The home minister, when moving the amendment, justified naming an individual as a terrorist if he or she “is a terrorist worker or takes part in any terrorist act”. He also said that those who “help to promote or prepare for terrorism should also be designated as a terrorist(s)” including individuals “who raise(s) money to promote terrorism”. It is true that a person who, as a member of a terrorist organisation, carries forward its agenda by participating in a terrorist act, must be dealt with in accordance with the provisions of UAPA.
However, we move into a somewhat grey zone when the State seeks to prosecute people by charging them with “preparing” for terrorism or “promoting” terrorism or raising money to “promote” terrorism. Unless a direct nexus is established between the acts of preparation or promotion of the terrorist act itself and the activity of a terrorist organisation, the Act will be used, and has been used, to silence those who oppose the State for its discriminatory policies and actions. The home minister further said that there are others who attempt to plant “terrorist literature” and infiltrate young minds with “terrorist theory”. What kind of literature is “terrorist literature”, what “theories” influence young minds, and what kind of “propaganda” is perceived to be a “terrorist act” are concepts ill-defined and easily misused.
So far, no individual has been named as a “terrorist” under UAPA. But many highly-regarded leaders of society, journalists, students who have opposed the Citizenship (Amendment) Act or CAA, and who were perceived by the State to hold views contrary to that of the government, are currently being investigated with intent to prosecute under UAPA.

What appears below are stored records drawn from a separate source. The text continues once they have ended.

(* Let $a\in\mathbb{R}$, $\alpha\in(0,1]$, $\sigma_r^2,\sigma_w^2\ge0$. For a symmetric doubly stochastic $N\times N$ matrix $P$ with eigenvalues $\lambda_1(P),\dots,\lambda_N(P)$ such that $Q=a(P-\alpha I_N)$ has spectral radius $<1$, set $$\hat{\mathrm{MSD}}(P,\alpha)=R_{MSD}(\alpha)+\frac1N\sum_{i=1}^N\frac{a^2\alpha^2\sigma_w^2}{1-a^2(\lambda_i(P)-\alpha)^2},\quad \tilde{\mathrm{MSD}}(P,\alpha)=R_{MSD}(\alpha)+\frac1N\sum_{i=1}^N\frac{a^2\alpha^2\sigma_w^2\lambda_i^2(P)}{1-a^2(\lambda_i(P)-\alpha)^2},$$ with $R_{MSD}(\alpha)=\sigma_r^2/(1-a^2(1-\alpha)^2)$ (these are the steady-state mean square deviations of the two estimators $\hat{x}_{i,t+1}=a(\sum_j p_{ij}\hat{x}_{j,t}+\alpha(y_{i,t}-\hat{x}_{i,t}))$ and $\tilde{x}_{i,t+1}=a(\sum_jp_{ij}\tilde{x}_{j,t}+\alpha(\sum_jp_{ij}y_{j,t}-\tilde{x}_{i,t}))$ for the model $x_{t+1}=ax_t+r_t$, $y_{i,t}=x_t+w_{i,t}$ with innovation variance $\sigma_r^2$ and observation noise variance $\sigma_w^2$). Let $L_{K_N}$, $L_{S_N}$, $L_{C_N}$ be the Laplacians of the complete graph, the star graph and the cycle graph on $N$ vertices. Then: (a) If $|a|(1-\alpha)<1$ and $P=I-\frac{1-\alpha}{N}L_{K_N}$, then $\lim_{N\to\infty}\hat{\mathrm{MSD}}(P,\alpha)=R_{MSD}(\alpha)+a^2\alpha^2\sigma_w^2$. (b) If $|a|(1-\alpha)<1$ and $P=I-\frac{1-\alpha}{N}L_{S_N}$, then $\lim_{N\to\infty}\hat{\mathrm{MSD}}(P,\alpha)=R_{MSD}(\alpha)+\dfrac{a^2\alpha^2\sigma_w^2}{1-a^2(1-\alpha)^2}$. (c) If $\beta\in(0,1/2)$ is a constant with $|a|\max\{1-\alpha,|1-4\beta-\alpha|\}<1$ and $P=I-\beta L_{C_N}$, then $$\lim_{N\to\infty}\hat{\mathrm{MSD}}(P,\alpha)=R_{MSD}(\alpha)+\int_0^{2\pi}\frac{a^2\alpha^2\sigma_w^2}{1-a^2\big(1-\beta(2-2\cos\tau)-\alpha\big)^2}\,\frac{d\tau}{2\pi}.$$ (d) If $|a|\max\{1-\alpha,\alpha\}<1$ and $P=I-\frac1NL_{K_N}$, then $\lim_{N\to\infty}\tilde{\mathrm{MSD}}(P,\alpha)=R_{MSD}(\alpha)$.
   Context: The Laplacian of a graph is $L=D-A$ with $D$ the degree matrix and $A$ the adjacency matrix. The spectral radius conditions in each part are the requirement (for every $N$) that $\rho(a(P-\alpha I_N))<1$, under which the steady-state MSD is given by the displayed formulas. *)

theory Defs
  imports "HOL-Analysis.Analysis" "HOL-Library.Multiset"
    "Jordan_Normal_Form.Char_Poly" "Jordan_Normal_Form.Spectral_Radius"
begin

definition laplacian :: "nat \<Rightarrow> (nat \<Rightarrow> nat \<Rightarrow> bool) \<Rightarrow> real mat" where
  "laplacian N adj = mat N N (\<lambda>(i,j).
     (if i = j then real (card {k. k < N \<and> adj i k}) else 0) - (if adj i j then 1 else 0))"

definition complete_adj :: "nat \<Rightarrow> nat \<Rightarrow> nat \<Rightarrow> bool" where
  "complete_adj N i j \<longleftrightarrow> i \<noteq> j"

definition star_adj :: "nat \<Rightarrow> nat \<Rightarrow> nat \<Rightarrow> bool" where
  "star_adj N i j \<longleftrightarrow> i \<noteq> j \<and> (i = 0 \<or> j = 0)"

definition cycle_adj :: "nat \<Rightarrow> nat \<Rightarrow> nat \<Rightarrow> bool" where
  "cycle_adj N i j \<longleftrightarrow> i \<noteq> j \<and> (j = (i + 1) mod N \<or> i = (j + 1) mod N)"

abbreviation L_K :: "nat \<Rightarrow> real mat" where "L_K N \<equiv> laplacian N (complete_adj N)"
abbreviation L_S :: "nat \<Rightarrow> real mat" where "L_S N \<equiv> laplacian N (star_adj N)"
abbreviation L_C :: "nat \<Rightarrow> real mat" where "L_C N \<equiv> laplacian N (cycle_adj N)"

text \<open>The eigenvalues (with multiplicity) of a real matrix whose characteristic
  polynomial splits over the reals (e.g. a real symmetric matrix), as a multiset.\<close>
definition eigvals :: "real mat \<Rightarrow> real multiset" where
  "eigvals A = (SOME M. char_poly A = (\<Prod>x\<in>#M. [:- x, 1:]))"

definition R_MSD :: "real \<Rightarrow> real \<Rightarrow> real \<Rightarrow> real" where
  "R_MSD a \<alpha> \<sigma>r2 = \<sigma>r2 / (1 - a^2 * (1 - \<alpha>)^2)"

definition MSD_hat :: "real \<Rightarrow> real \<Rightarrow> real \<Rightarrow> real \<Rightarrow> real mat \<Rightarrow> real" where
  "MSD_hat a \<alpha> \<sigma>r2 \<sigma>w2 P = R_MSD a \<alpha> \<sigma>r2 +
     (1 / real (dim_row P)) * (\<Sum>e\<in>#eigvals P. a^2 * \<alpha>^2 * \<sigma>w2 / (1 - a^2 * (e - \<alpha>)^2))"

definition MSD_tilde :: "real \<Rightarrow> real \<Rightarrow> real \<Rightarrow> real \<Rightarrow> real mat \<Rightarrow> real" where
  "MSD_tilde a \<alpha> \<sigma>r2 \<sigma>w2 P = R_MSD a \<alpha> \<sigma>r2 +
     (1 / real (dim_row P)) * (\<Sum>e\<in>#eigvals P. a^2 * \<alpha>^2 * \<sigma>w2 * e^2 / (1 - a^2 * (e - \<alpha>)^2))"

end

theory Submission
  imports Defs
begin

text \<open>All four limits come from explicit spectra. For \<open>P = I - c L\<close> with \<open>L\<close> the Laplacian of
  the complete or the star graph, the all-ones vector and the differences \<open>e\<^sub>j - e\<^sub>j\<^sub>+\<^sub>1\<close>
  are \<open>N - 1\<close> independent eigenvectors, and the trace supplies the last eigenvalue: the spectrum
  is \<open>1, 1 - cN, \<dots>, 1 - cN\<close> for \<open>K\<^sub>N\<close> and \<open>1, 1 - c, \<dots>, 1 - c, 1 - cN\<close> for \<open>S\<^sub>N\<close>.
  With \<open>c = (1 - \<alpha>)/N\<close> or \<open>c = 1/N\<close> the normalised sums defining the MSD become
  explicit rational functions of \<open>N\<close>. For the cycle, \<open>P\<close> is circulant, so the DFT matrix
  diagonalises it with eigenvalues \<open>1 - \<beta>(2 - 2 cos (2\<pi>k/N))\<close>; the MSD is then a left
  Riemann sum of a continuous function on \<open>[0, 2\<pi>]\<close>, which converges to the integral.\<close>

definition mat_trace :: "'a::comm_ring_1 mat \<Rightarrow> 'a" where
  "mat_trace A = (\<Sum>i<dim_row A. A $$ (i,i))"

lemma mat_trace_mult_comm:
  fixes X Y :: "'a::comm_ring_1 mat"
  assumes "X \<in> carrier_mat n m" "Y \<in> carrier_mat m n"
  shows "mat_trace (X * Y) = mat_trace (Y * X)"
proof -
  have "mat_trace (X * Y) = (\<Sum>i<n. \<Sum>k<m. X $$ (i,k) * Y $$ (k,i))"
    using assms by (simp add: mat_trace_def scalar_prod_def atLeast0LessThan)
  also have "\<dots> = (\<Sum>k<m. \<Sum>i<n. Y $$ (k,i) * X $$ (i,k))"
    by (subst sum.swap) (simp add: mult.commute)
  also have "\<dots> = mat_trace (Y * X)"
    using assms by (simp add: mat_trace_def scalar_prod_def atLeast0LessThan)
  finally show ?thesis .
qed

lemma mat_trace_conj:
  fixes A S S' :: "'a::comm_ring_1 mat"
  assumes A: "A \<in> carrier_mat n n" and S: "S \<in> carrier_mat n n" and S': "S' \<in> carrier_mat n n"
    and inv: "S * S' = 1\<^sub>m n"
  shows "mat_trace (S' * A * S) = mat_trace A"
proof -
  have "mat_trace (S' * A * S) = mat_trace (S' * (A * S))"
    using S S' A by (simp add: assoc_mult_mat[of _ n n _ n _ n])
  also have "\<dots> = mat_trace (A * S * S')" by (rule mat_trace_mult_comm[of _ n n]) (use S S' A in auto)
  also have "\<dots> = mat_trace A" using inv S S' A by (simp add: assoc_mult_mat[of _ n n _ n _ n])
  finally show ?thesis .
qed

The data available with the National Crime Records Bureau Report 2018 suggests that the conviction rate of those prosecuted under UAPA was as low as 14.5% in 2015 and as high as 49.3% in 2017. The total number of persons arrested in 2018 was 1,421; other relevant data includes those charge-sheeted (853), convicted (35), discharged (23) and acquitted (117). Clearly, the rate of conviction in 2018 was less than 30%. Of those convicted by the trial court, several may well be acquitted by the appellate court, making the rate of conviction abysmally low.

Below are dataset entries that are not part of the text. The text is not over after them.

(* Suppose that for every $s\in G$ and every $x_{P(s)}\in\mathcal{X}_{P(s)}$ there is a (possibly infinite) set $\Gamma(s,x_{P(s)})$ of real-valued functions on $\mathcal{X}_s$ such that the local credal set $\mathcal{M}_{s\mid x_{P(s)}}$ is exactly the set of real-valued functions $p$ on $\mathcal{X}_s$ satisfying $$\sum_{z_s\in\mathcal{X}_s}p(z_s)=1\quad\text{and}\quad \sum_{z_s\in\mathcal{X}_s}p(z_s)\gamma(z_s)\geq 0\ \text{ for all }\gamma\in\Gamma(s,x_{P(s)}).$$ Then $\mathcal{F}^{\mathrm{irr}}_G(X_G)$ consists exactly of those probability mass functions $P(X_G)$ on $\mathcal{X}_G$ such that for all $s\in G$, all $x_{N(s)}\in\mathcal{X}_{N(s)}$ and all $\gamma\in\Gamma(s,x_{P(s)})$ (where $x_{P(s)}$ is the restriction of $x_{N(s)}$ to $P(s)$): $$\sum_{z_s\in\mathcal{X}_s}\ \sum_{z_{D(s)}\in\mathcal{X}_{D(s)}}P(z_s,z_{D(s)},x_{N(s)})\,\gamma(z_s)\geq 0.$$
   Context: Setting: $G$ is a finite set of nodes forming a directed acyclic graph (DAG). Each node $s\in G$ carries a variable $X_s$ taking values in a finite nonempty set $\mathcal{X}_s$; for $S\subseteq G$, $X_S=(X_s)_{s\in S}$ takes values $x_S$ in $\mathcal{X}_S=\times_{s\in S}\mathcal{X}_s$ ($\mathcal{X}_\emptyset$ is a singleton). Graph notions: $P(s)$ is the set of parents of $s$; $s\sqsubseteq v$ means there is a directed path (possibly of length 0) from $s$ to $v$, and $s\sqsubset v$ means $s\sqsubseteq v$ and $s\neq v$; $D(s)=\{v\in G: s\sqsubset v\}$ (descendants); $N(s)=G\setminus(\{s\}\cup D(s))$ (non-descendants); $N'(s)=N(s)\setminus P(s)$ (non-parent non-descendants). Local models: for every $s\in G$ and $x_{P(s)}\in\mathcal{X}_{P(s)}$, $\mathcal{M}_{s\mid x_{P(s)}}$ is a nonempty closed convex set of probability mass functions on $\mathcal{X}_s$. A full conditional probability measure on a finite set $\Omega$ is a map $P:\mathcal{P}(\Omega)\times(\mathcal{P}(\Omega)\setminus\{\emptyset\})\to\mathbb{R}$, $(A,B)\mapsto P(A\mid B)$, such that for all $A,C\subseteq\Omega$ and nonempty $B\subseteq \Omega$: (F1) $P(\cdot\mid B)$ is a probability measure on $\mathcal{P}(\Omega)$ with $P(B\mid B)=1$; (F2) $P(A\cap C\mid B)=P(A\mid C\cap B)P(C\mid B)$ whenever $C\cap B\neq\emptyset$. For $S\subseteq G$ and $x_S\in\mathcal{X}_S$, the event $x_S$ denotes $\{z_G\in\mathcal{X}_G: z_S=x_S\}$; $P(A)=P(A\mid\mathcal{X}_G)$. The irrelevant natural extension $\mathcal{F}^{\mathrm{irr}}_G$ is the set of all full conditional probability measures $P$ on $\mathcal{X}_G$ such that for all $s\in G$ and all $x_{N(s)}\in\mathcal{X}_{N(s)}$, the mass function $P(X_s\mid x_{N(s)})$ (i.e. $z_s\mapsto P(z_s\mid x_{N(s)})$) belongs to $\mathcal{M}_{s\mid x_{P(s)}}$, where $x_{P(s)}$ is the restriction of $x_{N(s)}$ to $P(s)$. $\mathcal{F}^{\mathrm{irr}}_G(X_G)$ denotes the set of global mass functions $x_G\mapsto P(x_G)$ for $P\in\mathcal{F}^{\mathrm{irr}}_G$. *)

theory Defs
  imports "HOL-Analysis.Analysis"
begin

definition edges :: "'n set \<Rightarrow> ('n \<Rightarrow> 'n set) \<Rightarrow> ('n \<times> 'n) set" where
  "edges G par = {(p, v). v \<in> G \<and> p \<in> par v}"

definition is_dag :: "'n set \<Rightarrow> ('n \<Rightarrow> 'n set) \<Rightarrow> bool" where
  "is_dag G par \<longleftrightarrow> finite G \<and> (\<forall>s\<in>G. par s \<subseteq> G) \<and> acyclic (edges G par)"

definition desc :: "'n set \<Rightarrow> ('n \<Rightarrow> 'n set) \<Rightarrow> 'n \<Rightarrow> 'n set" where
  "desc G par s = {v \<in> G. (s, v) \<in> (edges G par)\<^sup>+}"

definition nondesc :: "'n set \<Rightarrow> ('n \<Rightarrow> 'n set) \<Rightarrow> 'n \<Rightarrow> 'n set" where
  "nondesc G par s = G - ({s} \<union> desc G par s)"

text \<open>An element x_S of X_S is an extensional function in PiE S X
  (undefined outside S). The global space is PiE G X.\<close>

definition event :: "('n \<Rightarrow> 'v) set \<Rightarrow> 'n set \<Rightarrow> ('n \<Rightarrow> 'v) \<Rightarrow> ('n \<Rightarrow> 'v) set" where
  "event \<Omega> S x = {z \<in> \<Omega>. \<forall>t\<in>S. z t = x t}"

definition full_cond_prob :: "'a set \<Rightarrow> ('a set \<Rightarrow> 'a set \<Rightarrow> real) \<Rightarrow> bool" where
  "full_cond_prob \<Omega> P \<longleftrightarrow>
     (\<forall>B. B \<subseteq> \<Omega> \<and> B \<noteq> {} \<longrightarrow>
        (\<forall>A. A \<subseteq> \<Omega> \<longrightarrow> P A B \<ge> 0) \<and>
        P \<Omega> B = 1 \<and>
        (\<forall>A C. A \<subseteq> \<Omega> \<and> C \<subseteq> \<Omega> \<and> A \<inter> C = {} \<longrightarrow> P (A \<union> C) B = P A B + P C B) \<and>
        P B B = 1) \<and>
     (\<forall>A B C. A \<subseteq> \<Omega> \<and> B \<subseteq> \<Omega> \<and> C \<subseteq> \<Omega> \<and> B \<noteq> {} \<and> C \<inter> B \<noteq> {} \<longrightarrow>
        P (A \<inter> C) B = P A (C \<inter> B) * P C B)"

definition is_pmf_on :: "'a set \<Rightarrow> ('a \<Rightarrow> real) \<Rightarrow> bool" where
  "is_pmf_on S p \<longleftrightarrow> p \<in> extensional S \<and> (\<forall>z\<in>S. p z \<ge> 0) \<and> sum p S = 1"
(* Let $\mathbb{T}^2=\mathbb{R}^2/\mathbb{Z}^2$ with area form $\mu$, let $c>0$, and equip the group $\mathrm{Diff}_{\mu,\mathrm{ex}}(\mathbb{T}^2)$ of exact volumorphisms with the right-invariant metric given at the identity by $\langle\!\langle u,v\rangle\!\rangle=c\int_{\mathbb{T}^2}\langle du^\flat,dv^\flat\rangle\,d\mu$. Then the sectional curvature can assume both signs: there exist $u,v$ in the Lie algebra with $\langle\!\langle R(u,v)v,u\rangle\!\rangle>0$ and others with $\langle\!\langle R(u,v)v,u\rangle\!\rangle<0$ (among fields of the form $u=\mathrm{sgrad}\cos(jx+ky)$, $v=\mathrm{sgrad}\cos(lx+my)$, depending on $(j,k)$ and $(l,m)$).
   Context: $\mathrm{Diff}_{\mu,\mathrm{ex}}(\mathbb{T}^2)$ consists of symplectic (area-preserving) diffeomorphisms preserving the center of mass; its Lie algebra consists of Hamiltonian fields $\mathrm{sgrad} f=-f_y\partial_x+f_x\partial_y$. $d$ is the exterior derivative and $\flat$ the index-lowering isomorphism of the flat metric; $R$ is the curvature tensor of the Levi-Civita connection at the identity. *)

theory Defs
  imports "HOL-Analysis.Analysis"
begin

text \<open>Points of the plane are pairs (x,y); the torus T^2 = R^2/Z^2 is modelled by
  functions on R^2 that are 1-periodic in both variables.\<close>

type_synonym pt = "real \<times> real"
type_synonym vfield = "pt \<Rightarrow> pt"

definition dx :: "(pt \<Rightarrow> real) \<Rightarrow> pt \<Rightarrow> real" where
  "dx f p = deriv (\<lambda>t. f (t, snd p)) (fst p)"

definition dy :: "(pt \<Rightarrow> real) \<Rightarrow> pt \<Rightarrow> real" where
  "dy f p = deriv (\<lambda>t. f (fst p, t)) (snd p)"

fun dpart :: "bool list \<Rightarrow> (pt \<Rightarrow> real) \<Rightarrow> pt \<Rightarrow> real" where
  "dpart [] f = f"
| "dpart (b # bs) f = (if b then dx else dy) (dpart bs f)"

definition smooth2 :: "(pt \<Rightarrow> real) \<Rightarrow> bool" where
  "smooth2 f \<longleftrightarrow> (\<forall>bs. continuous_on UNIV (dpart bs f) \<and> (\<forall>p. dpart bs f differentiable at p))"

definition periodic2 :: "(pt \<Rightarrow> real) \<Rightarrow> bool" where
  "periodic2 f \<longleftrightarrow> (\<forall>x y. f (x + 1, y) = f (x, y) \<and> f (x, y + 1) = f (x, y))"

definition sgrad :: "(pt \<Rightarrow> real) \<Rightarrow> vfield" where
  "sgrad f = (\<lambda>p. (- dy f p, dx f p))"

text \<open>Lie algebra of Diff_{mu,ex}(T^2): Hamiltonian fields of smooth functions on T^2.\<close>
definition liealg :: "vfield set" where
  "liealg = {u. \<exists>f. smooth2 f \<and> periodic2 f \<and> u = sgrad f}"

definition vbracket :: "vfield \<Rightarrow> vfield \<Rightarrow> vfield" where
  "vbracket u v = (\<lambda>p.
     (fst (u p) * dx (fst \<circ> v) p + snd (u p) * dy (fst \<circ> v) p
        - fst (v p) * dx (fst \<circ> u) p - snd (v p) * dy (fst \<circ> u) p,
      fst (u p) * dx (snd \<circ> v) p + snd (u p) * dy (snd \<circ> v) p
        - fst (v p) * dx (snd \<circ> u) p - snd (v p) * dy (snd \<circ> u) p))"

text \<open>d(u^flat) = (d_x u_2 - d_y u_1) dx/\dy; the flat metric gives <dx/\dy,dx/\dy> = 1.\<close>
definition curl :: "vfield \<Rightarrow> pt \<Rightarrow> real" where
  "curl u p = dx (snd \<circ> u) p - dy (fst \<circ> u) p"

definition metric :: "real \<Rightarrow> vfield \<Rightarrow> vfield \<Rightarrow> real" where
  "metric c u v = c * integral (cbox (0,0) (1,1)) (\<lambda>p. curl u p * curl v p)"

text \<open>Levi-Civita connection at the identity of the right-invariant metric (Koszul formula
  for right-invariant fields, whose bracket is the vector field bracket).\<close>
definition LC :: "real \<Rightarrow> vfield \<Rightarrow> vfield \<Rightarrow> vfield" where
  "LC c u v = (THE w. w \<in> liealg \<and>
     (\<forall>z\<in>liealg. 2 * metric c w z =
        metric c (vbracket u v) z - metric c (vbracket u z) v - metric c (vbracket v z) u))"

definition curv :: "real \<Rightarrow> vfield \<Rightarrow> vfield \<Rightarrow> vfield \<Rightarrow> vfield" where
  "curv c u v w = LC c u (LC c v w) - LC c v (LC c u w) - LC c (vbracket u v) w"

definition cosmode :: "int \<Rightarrow> int \<Rightarrow> pt \<Rightarrow> real" where
  "cosmode j k = (\<lambda>(x, y). cos (2 * pi * (of_int j * x + of_int k * y)))"

end

theory Submission
  imports Defs
begin

text \<open>For Hamiltonian fields u = sgrad a, v = sgrad b on the torus one has [u, v] = sgrad {a, b}
  (Poisson bracket) and <<u, v>> = c \<integral> \<Delta>a \<Delta>b. Integrating the Koszul formula by parts
  shows that \<nabla>_u v = sgrad \<psi> where 2 \<Delta>\<Delta>\<psi> = \<Delta>\<Delta>{a, b} + {a, \<Delta>\<Delta>b} + {b, \<Delta>\<Delta>a}, and \<psi> is
  unique up to a constant because \<Delta> only annihilates constants. For trigonometric
  polynomials this equation is solved in closed form, so <<R(u, v)v, u>> is an explicit
  multiple of c (2\<pi>)^8 for cosine modes a, b: it is -1/2 for the frequencies (1, 0), (0, 1)
  and 4192/169 for (0, 2), (1, 3). The required identities between trigonometric polynomials
  are decided by expanding products with the product-to-sum formulas and comparing
  normalised coefficients.\<close>

section \<open>Partial derivatives and smooth functions\<close>

lemma dx_eqI: "((\<lambda>t. f (t, snd p)) has_real_derivative D) (at (fst p)) \<Longrightarrow> dx f p = D"
  unfolding dx_def by (rule DERIV_imp_deriv)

This is proof of the investigating authorities roping in named accused who are clearly not terrorists, making the law and procedures under it oppressive. Many of them are kept in custody for years before acquittal. An indication of the law’s indiscriminate misuse is reflected in the kind of people arrested under UAPA. Some disturbing examples among others are: Akhil Gogoi, a Right to Information Act activist; Safoora Zargar, a research scholar from Jamia Millia Islamia; Anand Teltumbde and Gautam Navlakha, both of whom have done seminal work in protecting India’s most vulnerable communities, namely the Dalits and Adivasis; Masrat Zahra, a 26-year-old internationally-acclaimed photojournalist; Umar Khalid for allegedly instigating the Delhi riots with his speeches at anti-CAA rallies; and Gowhar Geelani, a Kashmiri author and journalist, for his social media posts.

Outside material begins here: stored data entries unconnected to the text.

lemma inner_cond_cov_mat:
  fixes x :: "'a \<Rightarrow> real^'n"
  assumes A: "A \<in> sets M" and comp: "\<And>i. integrable M (\<lambda>\<omega>. x \<omega> $ i)"
    and prod: "\<And>i j a b. integrable M (\<lambda>\<omega>. (x \<omega> $ i - a) * (x \<omega> $ j - b))"
  shows "v \<bullet> (cond_cov_mat M A x *v v) = (\<integral>\<omega>. indicator A \<omega> *
      (v \<bullet> x \<omega> - (\<integral>\<omega>. indicator A \<omega> * (v \<bullet> x \<omega>) \<partial>M) / measure M A)\<^sup>2 \<partial>M) / measure M A"
proof -
  define m where "m = cond_mean_vec M A x"
  have "integrable M (\<lambda>\<omega>. indicator A \<omega> * ((x \<omega> $ i - m $ i) * (x \<omega> $ j - m $ j)))" for i j
    using integrable_mult_indicator[OF A prod] by simp
  then have "v \<bullet> (cond_cov_mat M A x *v v)
      = (\<integral>\<omega>. indicator A \<omega> * (v \<bullet> (x \<omega> - m))\<^sup>2 \<partial>M) / measure M A"
    using inner_matrix_of_integrals[of M "indicator A" x m v "measure M A"]
    by (simp add: cond_cov_mat_def m_def Let_def)
  also have "\<dots> = (\<integral>\<omega>. indicator A \<omega> *
      (v \<bullet> x \<omega> - (\<integral>\<omega>. indicator A \<omega> * (v \<bullet> x \<omega>) \<partial>M) / measure M A)\<^sup>2 \<partial>M) / measure M A"
    using inner_cond_mean_vec[OF A comp] by (simp add: m_def inner_diff_right)
  finally show ?thesis .
qed

lemma eight_sqrt_72_pow4_le: "8 * sqrt (72 * \<kappa> ^ 4) \<le> 105 * \<kappa>\<^sup>2" for \<kappa> :: real
proof -
  have "sqrt (\<kappa> ^ 4) = \<kappa>\<^sup>2"
    by (rule real_sqrt_unique) (simp_all flip: power_mult)
  then have "sqrt (72 * \<kappa> ^ 4) = sqrt 72 * \<kappa>\<^sup>2"
    by (simp add: real_sqrt_mult)
  moreover have "sqrt 72 \<le> sqrt ((105 / 8)\<^sup>2)"
    by (simp add: power2_eq_square)
  then have "8 * sqrt 72 * \<kappa>\<^sup>2 \<le> 105 * \<kappa>\<^sup>2"
    by (intro mult_right_mono) auto
  ultimately show ?thesis
    by (simp add: mult.assoc)
qed

lemma (in prob_space) inner_central_fourth_moment_le:
  fixes x :: "'a \<Rightarrow> real^'n"
  assumes x: "x \<in> borel_measurable M" and x4: "integrable M (\<lambda>\<omega>. norm (x \<omega>) ^ 4)"
    and "(\<integral>\<omega>. norm (x \<omega>) ^ 4 \<partial>M) \<le> B" and "0 \<le> B"
  shows "expectation (\<lambda>\<omega>. (v \<bullet> x \<omega> - expectation (\<lambda>\<omega>. v \<bullet> x \<omega>)) ^ 4)
    \<le> (4 * (norm v)\<^sup>2 * sqrt B)\<^sup>2"
proof -
  have y4: "integrable M (\<lambda>\<omega>. (v \<bullet> x \<omega>) ^ 4)"
    by (rule integrable_inner_power_four[OF finite_measure_axioms x x4])
  have "expectation (\<lambda>\<omega>. (v \<bullet> x \<omega> - expectation (\<lambda>\<omega>. v \<bullet> x \<omega>)) ^ 4)
      \<le> 16 * expectation (\<lambda>\<omega>. (v \<bullet> x \<omega>) ^ 4)"
    using x y4 by (intro central_fourth_moment_le) auto
  also have "\<dots> \<le> 16 * (norm v ^ 4 * B)"
    using integral_inner_power_four_le[OF y4 x4] mult_left_mono[OF assms(3), of "norm v ^ 4"] by simp
  also have "\<dots> = (4 * (norm v)\<^sup>2 * sqrt B)\<^sup>2"
    using \<open>0 \<le> B\<close> by (simp add: power_mult_distrib)
  finally show ?thesis .
qed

The reason why naming individuals is oppressive and violates citizens’ fundamental freedoms is because of the onerous provisions relating to bail. First, those being investigated can be kept in custody for 180 days pending filing of the charge-sheet. Bail is refused if the court, on perusal of the case diary or upon filing of a charge-sheet, is of the opinion that there are reasonable grounds for believing that the accusations against the person are prima facie true. It is the settled position in law that the accused cannot have access to the case diary. As far as the charge-sheet is concerned, the act of taking cognisance by the court is based on a prima facie belief that the accusations are true. At that stage, the accused is not heard by the court. This makes the law onerous and offensive, with no hope for the accused to access bail. Trials, too, take long. At the end of 2018, of the 2,008 cases, only 317 were sent to trial. Given the state of the law, an acquittal at the end of the trial means little.
The imbalance between fundamental freedoms and the larger interests of the State is heavily skewed against the citizen. The State uses the law as an instrument of oppression, making democracy its victim.